• [Description of the task] Scan the entries for lines with the word "lemma", then copy those lines.

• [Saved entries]
lemma sum_x_ln_x_ge:
  fixes p :: "'i \<Rightarrow> real"
  assumes "finite I" "\<And>i. i \<in> I \<Longrightarrow> p i \<ge> 0"
  shows "(\<Sum>i\<in>I. p i * ln (p i)) \<ge> - (\<Sum>i\<in>I. p i) * ln (card I) - exp (-1)"
proof -
  define a where "a = (\<Sum>i\<in>I. p i)"
  have "a \<ge> 0" unfolding a_def using assms by (simp add: sum_nonneg)
  show ?thesis
  proof (cases "a = 0")
    case True
    then have "\<forall>i\<in>I. p i = 0" using assms unfolding a_def by (simp add: sum_nonneg_eq_0_iff)
    then show ?thesis using True by (simp add: a_def)
  next
    case False
    with \<open>a \<ge> 0\<close> have a: "a > 0" by simp
    then have card: "card I > 0" using assms(1) unfolding a_def by (auto simp: card_gt_0_iff)
    define m where "m = a / card I"
    have "m > 0" using a card by (simp add: m_def)
    have "(\<Sum>i\<in>I. p i * ln (p i)) \<ge> (\<Sum>i\<in>I. p i * ln m + p i - m)"
      by (rule sum_mono) (use x_ln_x_ge_tangent assms(2) \<open>m > 0\<close> in auto)
    also have "(\<Sum>i\<in>I. p i * ln m + p i - m) = a * ln m"
      using card by (simp add: sum.distrib sum_subtractf sum_distrib_right a_def m_def)
    also have "\<dots> = a * ln a - a * ln (card I)"
      using a card by (simp add: m_def ln_div right_diff_distrib)
    finally show ?thesis
      using x_ln_x_ge_neg_exp_neg1[OF \<open>a \<ge> 0\<close>] unfolding a_def by linarith
  qed
qed

lemma borel_measurable_measure_ball:
  fixes M :: "'a::{metric_space, second_countable_topology} measure"
  assumes sets_M: "sets M = sets (restrict_space borel K)" and "finite_measure M"
  shows "(\<lambda>x. measure M (ball x \<rho> \<inter> K)) \<in> borel_measurable M"
proof -
  interpret finite_measure M by fact
  have space_M: "space M = K"
    using sets_eq_imp_space_eq[OF sets_M] by (simp add: space_restrict_space)
  have "(\<lambda>x. x) \<in> measurable (restrict_space borel K) borel"
    by (rule measurable_restrict_space1) simp
  then have "(\<lambda>x. x) \<in> measurable M borel"
    by (subst measurable_cong_sets[OF sets_M refl])
  then have "{z \<in> space (M \<Otimes>\<^sub>M M). dist (fst z) (snd z) < \<rho>} \<in> sets (M \<Otimes>\<^sub>M M)"
    by measurable
  then have "(\<lambda>x. measure M (Pair x -` {z \<in> space (M \<Otimes>\<^sub>M M). dist (fst z) (snd z) < \<rho>}))
      \<in> borel_measurable M"
    unfolding measure_def by (intro borel_measurable_enn2real measurable_emeasure_Pair)
  moreover have "Pair x -` {z \<in> space (M \<Otimes>\<^sub>M M). dist (fst z) (snd z) < \<rho>} = ball x \<rho> \<inter> K"
    if "x \<in> space M" for x
    using that space_M by (auto simp: space_pair_measure)
  ultimately show ?thesis by (simp cong: measurable_cong)
qed

lemma covering_number_attained:
  fixes K A :: "'a::metric_space set"
  assumes "compact K" "A \<subseteq> K" "r > 0"
  obtains C where "C \<subseteq> K" "finite C" "card C = covering_number K A r"
    "A \<subseteq> (\<Union>c\<in>C. ball c r)"
proof -
  obtain D where "D \<subseteq> K" "finite D" "K \<subseteq> (\<Union>c\<in>D. ball c r)"
    using compactE_image[OF assms(1), of K "\<lambda>c. ball c r"] assms(3) by force
  then have "\<exists>n C. C \<subseteq> K \<and> finite C \<and> card C = n \<and> A \<subseteq> (\<Union>c\<in>C. ball c r)"
    using assms(2) by blast
  from LeastI_ex[OF this] show ?thesis
    using that unfolding covering_number_def by blast
qed

lemma nbhd_in_borel:
  assumes "K \<in> sets borel"
  shows "nbhd_in K A r \<in> sets borel"
proof -
  have "nbhd_in K A r = K \<inter> (\<Union>a\<in>A. ball a r)"
    unfolding nbhd_in_def by (auto simp: dist_commute)
  moreover have "open (\<Union>a\<in>A. ball a r)" by auto
  ultimately show ?thesis using assms by (simp add: sets.Int borel_open)
qed
lemma sym_traceless_mat_vec_ineq:
  assumes sym: "\<And>i j. B i j = B j i" and tr: "(\<Sum>i<n. B i i) = 0" and n: "n \<ge> 2"
  shows "2 * dot n v v * dot n (mat_vec n B v) (mat_vec n B v)
           \<le> (dot n v v)\<^sup>2 * frob_inner n B B
             + (real n - 2) / (real n - 1) * (dot n v (mat_vec n B v))\<^sup>2"
    (is "2 * ?r * ?q \<le> ?r\<^sup>2 * ?N + _ * ?s\<^sup>2")
proof (cases "?r = 0")
  case True
  then show ?thesis using n frob_inner_self_nonneg[of n B] by simp
next
  case False
  then have r: "?r > 0" using dot_self_nonneg[of n v] by simp
  have n1: "real n - 1 > 0" using n by simp
  \<comment> \<open>this c minimises the quadratic in c obtained below\<close>
  define D P c where "D = compress n B v" and "P = perp_proj n v" and "c = ?s / (real n - 1)"
  have "0 \<le> (\<Sum>i<n. \<Sum>j<n. (D i j + c * P i j) * (D i j + c * P i j))"
    by (intro sum_nonneg) simp
  also have "\<dots> = frob_inner n D D + 2 * c * frob_inner n D P + c\<^sup>2 * frob_inner n P P"
    by (simp add: frob_inner_def algebra_simps sum.distrib sum_distrib_left power2_eq_square)
  also have "\<dots> = ?r\<^sup>2 * (?r\<^sup>2 * ?N - 2 * ?r * ?q + ?s\<^sup>2) - 2 * c * ?r\<^sup>2 * ?s
      + c * (c * (real n - 1)) * ?r\<^sup>2"
    unfolding D_def P_def frob_inner_compress_self[OF sym] frob_inner_compress_mat[OF sym]
      frob_inner_compress_perp_proj[where B = B, OF tr] frob_inner_perp_proj_self
    by (simp add: power2_eq_square algebra_simps)
  also have "\<dots> = ?r\<^sup>2 * (?r\<^sup>2 * ?N - 2 * ?r * ?q + (?s\<^sup>2 - ?s * c))"
  proof -
    have "c * (real n - 1) = ?s" using n1 by (simp add: c_def)
    then show ?thesis by (simp add: algebra_simps)
  qed
  also have "?s\<^sup>2 - ?s * c = (real n - 2) / (real n - 1) * ?s\<^sup>2"
    using n1 by (simp add: c_def field_simps power2_eq_square)
  finally show ?thesis using r by (simp add: zero_le_mult_iff)
qed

• [Result]
lemma sum_x_ln_x_ge:
lemma borel_measurable_measure_ball:
lemma covering_number_attained:
lemma nbhd_in_borel:
lemma sym_traceless_mat_vec_ineq:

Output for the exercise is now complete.